According to recruitment information from the Labor Management Organization for U.S. Forces in Japan Employees, an incorporated administrative agency that hires and handles administrative matters for employees at U.S. bases, basic monthly salaries range from 163,200 yen to 248,200 yen. This compares favorably with the 182,200 yen starting salary for a new university graduate at the prefectural government.

Competition for the about 260 to 640 jobs that become available at the bases annually is intense, with applicants outnumbering vacancies by about 10 to one.
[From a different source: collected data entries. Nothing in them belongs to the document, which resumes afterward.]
lemma atom_regular:
  fixes a :: "'a::stone_relation_algebra"
  assumes "atom_rectangular TYPE('a)" "atom_simple TYPE('a)" "atom a"
  shows "- (- a) = a"
proof -
  have rect: "rectangle a"
    using assms by (simp add: atom_rectangular_def)
  have "rectangle (domain a)" "simple (domain a)" "rectangle (codomain a)" "simple (codomain a)"
    using assms(1,2) atom_domain[OF assms(3)] atom_codomain[OF assms(3)]
    unfolding atom_rectangular_def atom_simple_def by blast+
  then have "- (- domain a) = domain a" "- (- codomain a) = codomain a"
    by (simp_all add: regular_coreflexive domain_le_one codomain_le_one)
  then have "- (- (domain a * top * codomain a)) = domain a * top * codomain a"
    by (simp only: pp_mult_top_mult)
  then show ?thesis
    by (simp only: rectangle_eq_domain_top_codomain[OF rect])
qed

lemma le_pp_if_unique_atom_below:
  fixes x a :: "'a::stone_relation_algebra"
  assumes "atomic_alg TYPE('a)" and "{b. atom b \<and> b \<le> x} = {a}"
  shows "x \<le> - (- a)"
proof -
  have "inf x (- a) = bot"
  proof (rule ccontr)
    assume "inf x (- a) \<noteq> bot"
    then obtain b where b: "atom b" "b \<le> inf x (- a)"
      using assms(1) unfolding atomic_alg_def by blast
    then have "b \<in> {b. atom b \<and> b \<le> x}"
      by simp
    then have "b = a"
      using assms(2) by simp
    then have "a = bot"
      using b(2) inf_p[of a] by (simp add: inf.absorb1)
    then show False
      using atom_nonbot[OF b(1)] \<open>b = a\<close> by simp
  qed
  then show ?thesis
    using pseudo_complement[of x "- a"] by simp
qed

lemma atom_iff_atom_count_eq_1:
  fixes x :: "'a::stone_relation_algebra"
  assumes "atomic_alg TYPE('a)" and "\<And>a::'a. atom a \<Longrightarrow> - (- a) = a"
  shows "atom x \<longleftrightarrow> atom_count x = 1"
proof
  assume "atom x"
  then have "b = x" if "atom b" "b \<le> x" for b
    using atom_eqI atom_nonbot that by blast
  then have "{b. atom b \<and> b \<le> x} = {x}"
    using \<open>atom x\<close> by auto
  then show "atom_count x = 1"
    by (simp add: atom_count_eq_ecard ecard_eq_1_iff)
next
  assume "atom_count x = 1"
  then obtain a where unique: "{b. atom b \<and> b \<le> x} = {a}"
    by (auto simp: atom_count_eq_ecard ecard_eq_1_iff)
  then have "atom a" "a \<le> x"
    by auto
  moreover have "x \<le> a"
    using le_pp_if_unique_atom_below[OF assms(1) unique] assms(2)[OF \<open>atom a\<close>] by simp
  ultimately show "atom x"
    using order.antisym by blast
qed

lemma atom_count_top_le:
  assumes "atom_rectangular TYPE('a::stone_relation_algebra)"
  shows "atom_count (top::'a) \<le> (atom_count (1::'a))\<^sup>2"
proof -
  let ?D = "{p::'a. atom p \<and> p \<le> 1}"
  have "inj_on (\<lambda>a. (domain a, codomain a)) {a::'a. atom a \<and> a \<le> top}"
  proof (rule inj_onI)
    fix a b :: 'a
    assume "a \<in> {a. atom a \<and> a \<le> top}" "b \<in> {a. atom a \<and> a \<le> top}"
      and "(domain a, codomain a) = (domain b, codomain b)"
    then show "a = b"
      using assms rectangle_eqI[of a b] by (simp add: atom_rectangular_def)
  qed
  moreover have "(\<lambda>a. (domain a, codomain a)) ` {a. atom a \<and> a \<le> top} \<subseteq> ?D \<times> ?D"
    by (auto simp: atom_domain atom_codomain domain_le_one codomain_le_one)
  ultimately show ?thesis
    by (simp add: atom_count_eq_ecard power2_eq_square ecard_le_if_inj_on flip: ecard_Times)
qed

lemma atom_count_one_squared_le:
  assumes "\<And>p q::'a::stone_relation_algebra. atom p \<Longrightarrow> p \<le> 1 \<Longrightarrow> atom q \<Longrightarrow> q \<le> 1
             \<Longrightarrow> \<exists>a. atom a \<and> domain a = p \<and> codomain a = q"
  shows "(atom_count (1::'a))\<^sup>2 \<le> atom_count (top::'a)"
proof -
  let ?D = "{p::'a. atom p \<and> p \<le> 1}"
  have "?D \<times> ?D \<subseteq> (\<lambda>a. (domain a, codomain a)) ` {a. atom a \<and> a \<le> top}"
  proof clarify
    fix p q :: 'a
    assume "atom p" "p \<le> 1" "atom q" "q \<le> 1"
    then obtain a where "atom a" "domain a = p" "codomain a = q"
      using assms by blast
    then show "(p, q) \<in> (\<lambda>a. (domain a, codomain a)) ` {a. atom a \<and> a \<le> top}"
      by (auto intro: image_eqI[where x = a])
  qed
  then show ?thesis
    by (simp add: atom_count_eq_ecard power2_eq_square ecard_le_if_subset_image flip: ecard_Times)
qed

lemma exists_atom_domain_codomain_if_atomic:
  fixes p q :: "'a::stone_relation_algebra"
  assumes "atomic_alg TYPE('a)" "atom_simple TYPE('a)"
    and "atom p" "p \<le> 1" "atom q" "q \<le> 1"
  shows "\<exists>a. atom a \<and> domain a = p \<and> codomain a = q"
proof -
  have "p * top * q \<noteq> bot"
    using assms by (simp add: atom_simple_def mult_top_mult_nonbot atom_nonbot)
  then obtain a where a: "atom a" "a \<le> p * top * q"
    using assms(1) unfolding atomic_alg_def by blast
  then have "domain a = p" "codomain a = q"
    using domain_codomain_if_le_mult_top_mult[OF atom_nonbot[OF a(1)] a(2) assms(3-6)] by simp_all
  then show ?thesis
    using a(1) by blast
qed

lemma exists_atom_domain_codomain_if_rectangular:
  fixes p q :: "'a::stone_relation_algebra"
  assumes "atom_rectangular TYPE('a)" "atom_simple TYPE('a)"
    and "atom p" "p \<le> 1" "atom q" "q \<le> 1"
  shows "\<exists>a. atom a \<and> domain a = p \<and> codomain a = q"
proof -
  have "rectangle p" "simple p" "rectangle q" "simple q"
    using assms by (simp_all add: atom_rectangular_def atom_simple_def)
  then show ?thesis
    using assms(3-6) atom_mult_top_mult domain_mult_top_mult codomain_mult_top_mult by blast
qed

theorem mainTheorem5:
  shows "(atomic_alg TYPE('a::stone_relation_algebra) \<and> atom_rectangular TYPE('a) \<and> simple_alg TYPE('a)
            \<longrightarrow> (\<forall>x::'a. atom x \<longleftrightarrow> atom_count x = 1))
       \<and> (atomic_alg TYPE('a) \<and> relation_algebra TYPE('a)
            \<longrightarrow> (\<forall>x::'a. atom x \<longleftrightarrow> atom_count x = 1))
       \<and> (atom_rectangular TYPE('a) \<longrightarrow> atom_count (top::'a) \<le> (atom_count (1::'a))\<^sup>2)
       \<and> (atomic_alg TYPE('a) \<and> simple_alg TYPE('a) \<and> finitely_many_atoms TYPE('a)
            \<longrightarrow> atom_count (top::'a) \<ge> (atom_count (1::'a))\<^sup>2)
       \<and> (atom_rectangular TYPE('a) \<and> atom_simple TYPE('a)
            \<longrightarrow> atom_count (top::'a) = (atom_count (1::'a))\<^sup>2)
       \<and> (finitely_many_atoms TYPE('a) \<longrightarrow> atom_count (top::'a) \<noteq> \<infinity>)"
proof -
  have atom_simple_if_simple: "atom_simple TYPE('a)" if "simple_alg TYPE('a)"
    using that by (simp add: atom_simple_def simple_alg_def atom_nonbot)
  show ?thesis
  proof (intro conjI impI allI; (elim conjE)?)
    show "atom x \<longleftrightarrow> atom_count x = 1"
      if "atomic_alg TYPE('a)" "atom_rectangular TYPE('a)" "simple_alg TYPE('a)" for x :: 'a
      using that atom_iff_atom_count_eq_1 atom_regular atom_simple_if_simple by blast
    show "atom x \<longleftrightarrow> atom_count x = 1"
      if "atomic_alg TYPE('a)" "relation_algebra TYPE('a)" for x :: 'a
      using that by (simp add: atom_iff_atom_count_eq_1 relation_algebra_def)
    show "atom_count (top::'a) \<le> (atom_count (1::'a))\<^sup>2" if "atom_rectangular TYPE('a)"
      using that by (rule atom_count_top_le)
    show "(atom_count (1::'a))\<^sup>2 \<le> atom_count (top::'a)"
      if "atomic_alg TYPE('a)" "simple_alg TYPE('a)"
      using that atom_count_one_squared_le exists_atom_domain_codomain_if_atomic
        atom_simple_if_simple by blast
    show "atom_count (top::'a) = (atom_count (1::'a))\<^sup>2"
      if "atom_rectangular TYPE('a)" "atom_simple TYPE('a)"
      using that atom_count_top_le atom_count_one_squared_le
        exists_atom_domain_codomain_if_rectangular by (blast intro: order.antisym)
    show "atom_count (top::'a) \<noteq> \<infinity>" if "finitely_many_atoms TYPE('a)"
      using that by (simp add: finitely_many_atoms_def atom_count_neq_infinity)
  qed
qed
(* Let $W$ be a standard Brownian motion with respect to $\mathbb F$, $W_0=0$, and consider the case without hedging instruments ($S\equiv1$), so that $u_A(\tau,\sigma)=E[-\exp(\alpha_A R(\tau,\sigma))]$ and $u_B(\tau,\sigma)=E[-\exp(-\alpha_B R(\tau,\sigma))]$ (i.e. $C_A=C_B=0$). Let $X_t=W_t$ and $Y_t=W_t+\delta$, $t\in[0,T]$, with $0<\delta<(\alpha_A/2)T$ and $\alpha_B>0$. Then both $(\tau,\sigma)=(0,T)$ and $(\tau,\sigma)=(T,0)$ are Nash equilibrium points, and their values differ: $(u_A,u_B)=(-1,-1)$ at $(0,T)$ and $(u_A,u_B)=(-e^{\alpha_A\delta},-e^{-\alpha_B\delta})$ at $(T,0)$.
   Context: $(\Omega,\mathcal F,\mathbb F=(\mathcal F_t)_{t\in[0,T]},P)$ is a filtered probability space with $T\in(0,\infty)$ satisfying the usual conditions; $\mathcal T_0$ is the set of $[0,T]$-valued stopping times. $\alpha_A>0$ and $\alpha_B>0$ are the risk aversions of the seller $A$ and buyer $B$; $R(\tau,\sigma):=X_\tau\mathbf 1_{\{\tau\le\sigma\}}+Y_\sigma\mathbf 1_{\{\sigma<\tau\}}$ is the payoff paid by $A$ to $B$ when $B$ stops at $\tau$ and $A$ at $\sigma$. A pair $(\tau^*,\sigma^* )\in\mathcal T_0^2$ is a Nash equilibrium point if $u_A(\tau^*,\sigma^* )\ge u_A(\tau^*,\sigma)$ and $u_B(\tau^*,\sigma^* )\ge u_B(\tau,\sigma^* )$ for all $\tau,\sigma\in\mathcal T_0$. *)

theory Defs
  imports "HOL-Probability.Probability"
begin

definition filtered_prob_space_usual ::
  "'a measure \<Rightarrow> (real \<Rightarrow> 'a measure) \<Rightarrow> real \<Rightarrow> bool" where
  "filtered_prob_space_usual M F T \<longleftrightarrow>
     prob_space M \<and> 0 < T \<and>
     (\<forall>t\<in>{0..T}. space (F t) = space M \<and> sets (F t) \<subseteq> sets M) \<and>
     (\<forall>s t. 0 \<le> s \<longrightarrow> s \<le> t \<longrightarrow> t \<le> T \<longrightarrow> sets (F s) \<subseteq> sets (F t)) \<and>
     (\<forall>N\<in>null_sets M. \<forall>A. A \<subseteq> N \<longrightarrow> A \<in> sets (F 0)) \<and>
     (\<forall>t\<in>{0..<T}. sets (F t) = (\<Inter>s\<in>{t<..T}. sets (F s)))"

definition stopping_times0 ::
  "'a measure \<Rightarrow> (real \<Rightarrow> 'a measure) \<Rightarrow> real \<Rightarrow> ('a \<Rightarrow> real) set" where
  "stopping_times0 M F T =
     {\<tau>. (\<forall>\<omega>\<in>space M. \<tau> \<omega> \<in> {0..T}) \<and>
          (\<forall>t\<in>{0..T}. {\<omega>\<in>space M. \<tau> \<omega> \<le> t} \<in> sets (F t))}"

definition brownian_motion ::
  "'a measure \<Rightarrow> (real \<Rightarrow> 'a measure) \<Rightarrow> real \<Rightarrow> (real \<Rightarrow> 'a \<Rightarrow> real) \<Rightarrow> bool" where
  "brownian_motion M F T W \<longleftrightarrow>
     (\<forall>t\<in>{0..T}. W t \<in> borel_measurable (F t)) \<and>
     (\<forall>\<omega>\<in>space M. W 0 \<omega> = 0) \<and>
     (\<forall>\<omega>\<in>space M. continuous_on {0..T} (\<lambda>t. W t \<omega>)) \<and>
     (\<forall>s t. 0 \<le> s \<longrightarrow> s < t \<longrightarrow> t \<le> T \<longrightarrow>
        distributed M lborel (\<lambda>\<omega>. W t \<omega> - W s \<omega>) (\<lambda>x. ennreal (normal_density 0 (sqrt (t - s)) x)) \<and>
        (\<forall>A\<in>sets (F s). \<forall>B\<in>sets borel.
           measure M ({\<omega>\<in>space M. W t \<omega> - W s \<omega> \<in> B} \<inter> A) =
           measure M {\<omega>\<in>space M. W t \<omega> - W s \<omega> \<in> B} * measure M A))"

definition payoff ::
  "(real \<Rightarrow> 'a \<Rightarrow> real) \<Rightarrow> (real \<Rightarrow> 'a \<Rightarrow> real) \<Rightarrow> ('a \<Rightarrow> real) \<Rightarrow> ('a \<Rightarrow> real) \<Rightarrow> 'a \<Rightarrow> real" where
  "payoff X Y \<tau> \<sigma> \<omega> = (if \<tau> \<omega> \<le> \<sigma> \<omega> then X (\<tau> \<omega>) \<omega> else Y (\<sigma> \<omega>) \<omega>)"

text \<open>Utilities without hedging instruments (S = 1, C_A = C_B = 0).\<close>
definition uA :: "'a measure \<Rightarrow> real \<Rightarrow> (real \<Rightarrow> 'a \<Rightarrow> real) \<Rightarrow> (real \<Rightarrow> 'a \<Rightarrow> real)
    \<Rightarrow> ('a \<Rightarrow> real) \<Rightarrow> ('a \<Rightarrow> real) \<Rightarrow> real" where
  "uA M \<alpha>A X Y \<tau> \<sigma> = (\<integral>\<omega>. - exp (\<alpha>A * payoff X Y \<tau> \<sigma> \<omega>) \<partial>M)"

definition uB :: "'a measure \<Rightarrow> real \<Rightarrow> (real \<Rightarrow> 'a \<Rightarrow> real) \<Rightarrow> (real \<Rightarrow> 'a \<Rightarrow> real)
    \<Rightarrow> ('a \<Rightarrow> real) \<Rightarrow> ('a \<Rightarrow> real) \<Rightarrow> real" where
  "uB M \<alpha>B X Y \<tau> \<sigma> = (\<integral>\<omega>. - exp (- \<alpha>B * payoff X Y \<tau> \<sigma> \<omega>) \<partial>M)"

definition nash_equilibrium ::
  "'a measure \<Rightarrow> (real \<Rightarrow> 'a measure) \<Rightarrow> real \<Rightarrow> real \<Rightarrow> real \<Rightarrow>
   (real \<Rightarrow> 'a \<Rightarrow> real) \<Rightarrow> (real \<Rightarrow> 'a \<Rightarrow> real) \<Rightarrow> ('a \<Rightarrow> real) \<Rightarrow> ('a \<Rightarrow> real) \<Rightarrow> bool" where
  "nash_equilibrium M F T \<alpha>A \<alpha>B X Y \<tau>s \<sigma>s \<longleftrightarrow>
     \<tau>s \<in> stopping_times0 M F T \<and> \<sigma>s \<in> stopping_times0 M F T \<and>
     (\<forall>\<sigma>\<in>stopping_times0 M F T. uA M \<alpha>A X Y \<tau>s \<sigma>s \<ge> uA M \<alpha>A X Y \<tau>s \<sigma>) \<and>
     (\<forall>\<tau>\<in>stopping_times0 M F T. uB M \<alpha>B X Y \<tau>s \<sigma>s \<ge> uB M \<alpha>B X Y \<tau> \<sigma>s)"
A vocational school in Naha previously offered a course titled “specialization for on-base employment.” The name has since been changed, partly because public opinion regarding the bases is split in Okinawa, but even today, students undergo training at restaurants inside the bases and one or two land jobs there each year. Okinawa Prefecture’s tourism industry has been battered by the novel coronavirus pandemic, which fueled a jump in people wishing to work at bases during the 2021 academic year. A record-high seven students from the school have found permanent full-time jobs at bases during this school year.

Jun Inafuku, a teacher at the school, has mixed feelings about the bases.

“The bases are here, and there’s been no end to accidents and incidents involving them, so that presents a dilemma,” said Inafuku, 53. “But if there were no bases, I don’t know where those workers could find other jobs.”